The shift towards e-trading in European credit bonds corresponds with widespread change in the investment patterns and workflows of “real-money” institutions. European dealers are increasingly looking to electronic platforms to service clients’ flow business in vanilla products—precisely where there is greatest liquidity. Growth in electronic trading of investors’ flow business has boosted e-trading volumes overall—estimated now to represent well over 35% of the European credit market, up from less than 20% just a couple of years ago.



Access to liquidity lies at the heart of successful e-trading platforms. There has been a sizeable increase in the number of market makers providing prices in European credit over electronic marketplaces such as Tradeweb. Sell-side participants’ desire to win volume through e-platforms has led to significant improvements in the quality of electronic liquidity compared to that offered by phone. This is especially evident in recent months, and has not necessarily reflected conditions in the market overall. There is indeed an increasing buy-side perception that a growing proportion of overall sell-side liquidity is now being offered electronically as opposed to voice trading.

Yet, for institutional investors, operational efficiency is almost as important as liquidity. Throughout the entire trading cycle of price discovery, ­execution and post-trade processing, electronic trading platforms provide ready access to trade information, analytics, and price transparency. And both buy- and sell-side institutions can fully integrate electronic trading platforms into their existing workflow systems.

This automation must not come at the cost of flexibility. Buy-side traders can tailor tickets to their precise requirements on electronic platforms and request prices from specific dealers (the “request-for-quote” or RFQ model). This auction-like process gives buy-side traders fast and trans­parent price discovery, simultaneously putting dealers into competition. Increased competition optimises pricing efficiency and helps the buy-side demonstrate best execution.

More sophisticated electronic trading platforms are also flexible enough to allow buy-side investors to execute multiple trades concurrently from a single list of orders across multiple asset classes. The time saved allows asset managers to invest resources more efficiently to boost overall productivity and performance.

The need for flexibility in trading these instruments has become increasingly important as both regulatory and macroeconomic factors coalesce, reducing overall market liquidity. This has led various market participants recently to explore new price discovery and execution models which, if successful, could increasingly challenge the way business is done and even the current market structure.

However, the common thread running through the fundamental changes underway in the marketplace is the greater use of electronic trading. Whilst the main driver stimulating the willingness to look at new ways to execute trades may be regulatory and macroeconomic change, the need for more efficient and cost-effective trade execution is also at the core of these moves. In other words, the evolution happening today is underpinned by some of the same drivers that have been central toward the increased use of electronic trading across fixed income markets for more than ten years.

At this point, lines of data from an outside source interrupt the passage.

(* Let $\lambda>0$. For every irrational $\alpha$, $\pm\lambda\in\sigma^{\mathcal{H}}$. Moreover, $\sigma^{\mathcal{H}}\cap(-\lambda,\lambda)\neq\emptyset$.
   Context: $\mathbb{T}=\mathbb{R}/\mathbb{Z}$, $\mathbb{T}_0=\{\theta\in\mathbb{T}:\cos 2\pi(n\alpha+\theta)\neq 0\ \forall n\in\mathbb{Z}\}$. For $\theta\in\mathbb{T}$, $n\in\mathbb{Z}$ put $v(\theta,n)=\cos2\pi((n-1)\alpha+\theta)$ if $n$ is odd and $v(\theta,n)=\cos 2\pi(n\alpha+\theta)$ if $n$ is even; $c(\theta,n)=\lambda$ if $n$ is odd and $c(\theta,n)=\cos2\pi(n\alpha+\theta)$ if $n$ is even. For $\theta\in\mathbb{T}_0$, $\mathcal{H}_\theta$ acts on $\ell^2(\mathbb{Z})$ by $(\mathcal{H}_\theta u)(n)=c(\theta,n)u(n+1)+c(\theta,n-1)u(n-1)+v(\theta,n)u(n)$; $\sigma^{\mathcal{H}}$ is its spectrum, independent of $\theta$. *)

theory Defs
  imports "HOL-Analysis.Analysis"
begin

definition l2Z :: "(int \<Rightarrow> complex) set" where
  "l2Z = {u. (\<lambda>n. (cmod (u n))^2) summable_on UNIV}"

text \<open>Admissible phases T_0 (theta taken in R; everything is 1-periodic in theta).\<close>
definition T0 :: "real \<Rightarrow> real set" where
  "T0 \<alpha> = {\<theta>. \<forall>n::int. cos (2 * pi * (of_int n * \<alpha> + \<theta>)) \<noteq> 0}"

definition vpot :: "real \<Rightarrow> real \<Rightarrow> int \<Rightarrow> real" where
  "vpot \<alpha> \<theta> n = (if odd n then cos (2 * pi * (of_int (n - 1) * \<alpha> + \<theta>))
                    else cos (2 * pi * (of_int n * \<alpha> + \<theta>)))"

definition chop :: "real \<Rightarrow> real \<Rightarrow> real \<Rightarrow> int \<Rightarrow> real" where
  "chop lam \<alpha> \<theta> n = (if odd n then lam else cos (2 * pi * (of_int n * \<alpha> + \<theta>)))"

definition Hop :: "real \<Rightarrow> real \<Rightarrow> real \<Rightarrow> (int \<Rightarrow> complex) \<Rightarrow> int \<Rightarrow> complex" where
  "Hop lam \<alpha> \<theta> u n =
     of_real (chop lam \<alpha> \<theta> n) * u (n + 1) + of_real (chop lam \<alpha> \<theta> (n - 1)) * u (n - 1)
     + of_real (vpot \<alpha> \<theta> n) * u n"

text \<open>Spectrum of an operator on l2(Z): E is in the spectrum iff A - E is not a
  bijection of l2(Z) onto itself (for bounded operators the inverse is then
  automatically bounded by the open mapping theorem).\<close>
definition spec_l2Z :: "((int \<Rightarrow> complex) \<Rightarrow> int \<Rightarrow> complex) \<Rightarrow> complex set" where
  "spec_l2Z A = {E. \<not> bij_betw (\<lambda>u n. A u n - E * u n) l2Z l2Z}"

end

theory Submission
  imports Defs
begin

text \<open>
  \<open>\<H>\<close> is a Jacobi matrix with bounded real coefficients, so everything reduces to finitely
  supported approximate eigenvectors. A real \<open>E\<close> admitting unit vectors \<open>\<psi>\<close> with
  \<open>\<parallel>(\<H> - E)\<psi>\<parallel>\<close> arbitrarily small lies in the spectrum: were \<open>\<H> - E\<close> onto \<open>l2(\<int>)\<close>, one could pick
  such \<open>\<psi>\<^sub>k\<close> with disjoint supports and \<open>\<parallel>(\<H> - E)\<psi>\<^sub>k\<parallel> \<le> 4\<^sup>-\<^sup>k\<close>, solve
  \<open>(\<H> - E)g = \<Sum>\<^sub>k 2\<^sup>-\<^sup>k\<psi>\<^sub>k\<close>, and pairing with \<open>\<psi>\<^sub>k\<close> would give \<open>2\<^sup>-\<^sup>k/2 \<le> 4\<^sup>-\<^sup>k\<parallel>g\<parallel>\<close> for all \<open>k\<close>.

  For \<open>E = \<plusminus>\<lambda>\<close> such vectors are cut-offs of explicit bounded solutions of \<open>\<H>\<phi> = \<plusminus>\<lambda>\<phi>\<close>.
  For the interior point let \<open>\<sigma>\<close> be the infimum of \<open>\<parallel>\<H>\<psi>\<parallel>\<^sup>2\<close> over unit vectors: a test vector
  gives \<open>\<sigma> < \<lambda>\<^sup>2\<close>, a near-minimiser is an approximate eigenvector of \<open>\<H>\<^sup>2\<close> for \<open>\<sigma>\<close>, and
  \<open>\<H>\<^sup>2 - \<sigma> = (\<H> - \<surd>\<sigma>)(\<H> + \<surd>\<sigma>)\<close> makes \<open>\<surd>\<sigma>\<close> or \<open>-\<surd>\<sigma>\<close> an approximate eigenvalue of \<open>\<H>\<close>.
\<close>

section \<open>Jacobi operators on finitely supported sequences\<close>

definition jacobi :: "(int \<Rightarrow> 'a::comm_ring_1) \<Rightarrow> (int \<Rightarrow> 'a) \<Rightarrow> (int \<Rightarrow> 'a) \<Rightarrow> int \<Rightarrow> 'a" where
  "jacobi a b x n = a n * x (n + 1) + a (n - 1) * x (n - 1) + b n * x n"

lemma jacobi_add_scale: "jacobi a b (\<lambda>n. x n + c * y n) = (\<lambda>n. jacobi a b x n + c * jacobi a b y n)"
  by (simp add: fun_eq_iff jacobi_def algebra_simps)

lemma jacobi_diff: "jacobi a b (\<lambda>n. x n - y n) = (\<lambda>n. jacobi a b x n - jacobi a b y n)"
  by (simp add: fun_eq_iff jacobi_def algebra_simps)

lemma jacobi_scale: "jacobi a b (\<lambda>n. c * x n) = (\<lambda>n. c * jacobi a b x n)"
  by (simp add: fun_eq_iff jacobi_def algebra_simps)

It is clear that the fixed income markets are becoming an increasingly dynamic and exciting place in which to operate, especially in the burgeoning electronic marketplace for European credit. This presents us with challenges, but also many opportunities to contri­bute to the accelerating evolution of the market. As electronic trading continues to meet the needs of financial institutions seeking better liquidity, increased efficiency and improved performance, marketplaces like Tradeweb will continue to partner with the buy- and sell-side to drive innovation in the new regulatory and economic environment.